The full set of entries must be copied exactly.
···
(* Let $(D,\sqsubseteq)$ be a dcpo with its Scott topology, $B\subseteq D$, $A\in\mathbf{\Delta}^0_2(D)$, and $0<\alpha<\aleph_1$. (1) If $A\in\mathbf{D}_\alpha(D)$, then there is no $\sqsubseteq$-increasing $(A,1)$-alternating $B$-tree of rank $\alpha$. (2) If $D$ is a continuous domain with basis $B$, the following are equivalent: (i) $A\in\mathbf{D}_\alpha(D)$; (ii) there is no $\sqsubseteq$-increasing $(A,1)$-alternating $B$-tree of rank $\alpha$; (iii) there is no $\ll$-increasing $(A,1)$-alternating $B$-tree of rank $\alpha$.
   Context: Dcpo: poset in which every nonempty directed set has a supremum; Scott topology: open sets are upsets $O$ such that every directed set with supremum in $O$ meets $O$. Way-below: $x\ll y$ iff for every directed $S$ with $y\sqsubseteq\sqcup S$ some $s\in S$ has $x\sqsubseteq s$. Continuous domain with basis $B$: for every $x$, $B\cap\{z:z\ll x\}$ is directed with supremum $x$. $\mathbf{\Sigma}^0_2(D)$: countable unions of differences of Scott open sets; $\mathbf{\Pi}^0_2(D)$: complements; $\mathbf{\Delta}^0_2(D)$: both. Parity: ordinal $\lambda+n$ ($\lambda$ zero or limit, $n<\omega$) has the parity of $n$; $\beta\sim\alpha$ means same parity. $D_\alpha((A_\beta)_{\beta<\alpha})=\bigcup_{\beta<\alpha,\beta\not\sim\alpha}(A_\beta\setminus\bigcup_{\gamma<\beta}A_\gamma)$; $\mathbf{D}_\alpha(D)$ is the class of such sets with all $A_\beta$ Scott open. Trees: a tree is a nonempty set of finite sequences (over some set) closed under prefixes, with root the empty sequence $\mathit{nil}$; well-founded means no infinite branch; for well-founded $T$, $\mathrm{rank}_T(\sigma)=\sup\{\mathrm{rank}_T(\sigma a)+1:\sigma a\in T\}$ (with $\sup\emptyset=0$), and the rank of $T$ is $\mathrm{rank}_T(\mathit{nil})$. A $B$-tree is a map $f:T\to B$ with $T$ a tree; its rank is that of $T$. It is $(A,\varepsilon)$-alternating if ($f(\mathit{nil})\in A$ iff $\varepsilon=1$) and $f(\sigma a)\in A\iff f(\sigma)\notin A$ for all $\sigma,\sigma a\in T$. For $\preceq\in\{\sqsubseteq,\ll\}$, $f$ is $\preceq$-increasing if $f(\sigma)\preceq f(\sigma a)$ for all $\sigma,\sigma a\in T$. *)

theory Defs
  imports Main "HOL-Library.Countable_Set"
begin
···
Exercise answer:
(* Let $(D,\sqsubseteq)$ be a dcpo with its Scott topology, $B\subseteq D$, $A\in\mathbf{\Delta}^0_2(D)$, and $0<\alpha<\aleph_1$. (1) If $A\in\mathbf{D}_\alpha(D)$, then there is no $\sqsubseteq$-increasing $(A,1)$-alternating $B$-tree of rank $\alpha$. (2) If $D$ is a continuous domain with basis $B$, the following are equivalent: (i) $A\in\mathbf{D}_\alpha(D)$; (ii) there is no $\sqsubseteq$-increasing $(A,1)$-alternating $B$-tree of rank $\alpha$; (iii) there is no $\ll$-increasing $(A,1)$-alternating $B$-tree of rank $\alpha$.
   Context: Dcpo: poset in which every nonempty directed set has a supremum; Scott topology: open sets are upsets $O$ such that every directed set with supremum in $O$ meets $O$. Way-below: $x\ll y$ iff for every directed $S$ with $y\sqsubseteq\sqcup S$ some $s\in S$ has $x\sqsubseteq s$. Continuous domain with basis $B$: for every $x$, $B\cap\{z:z\ll x\}$ is directed with supremum $x$. $\mathbf{\Sigma}^0_2(D)$: countable unions of differences of Scott open sets; $\mathbf{\Pi}^0_2(D)$: complements; $\mathbf{\Delta}^0_2(D)$: both. Parity: ordinal $\lambda+n$ ($\lambda$ zero or limit, $n<\omega$) has the parity of $n$; $\beta\sim\alpha$ means same parity. $D_\alpha((A_\beta)_{\beta<\alpha})=\bigcup_{\beta<\alpha,\beta\not\sim\alpha}(A_\beta\setminus\bigcup_{\gamma<\beta}A_\gamma)$; $\mathbf{D}_\alpha(D)$ is the class of such sets with all $A_\beta$ Scott open. Trees: a tree is a nonempty set of finite sequences (over some set) closed under prefixes, with root the empty sequence $\mathit{nil}$; well-founded means no infinite branch; for well-founded $T$, $\mathrm{rank}_T(\sigma)=\sup\{\mathrm{rank}_T(\sigma a)+1:\sigma a\in T\}$ (with $\sup\emptyset=0$), and the rank of $T$ is $\mathrm{rank}_T(\mathit{nil})$. A $B$-tree is a map $f:T\to B$ with $T$ a tree; its rank is that of $T$. It is $(A,\varepsilon)$-alternating if ($f(\mathit{nil})\in A$ iff $\varepsilon=1$) and $f(\sigma a)\in A\iff f(\sigma)\notin A$ for all $\sigma,\sigma a\in T$. For $\preceq\in\{\sqsubseteq,\ll\}$, $f$ is $\preceq$-increasing if $f(\sigma)\preceq f(\sigma a)$ for all $\sigma,\sigma a\in T$. *)

theory Defs
  imports Main "HOL-Library.Countable_Set"
begin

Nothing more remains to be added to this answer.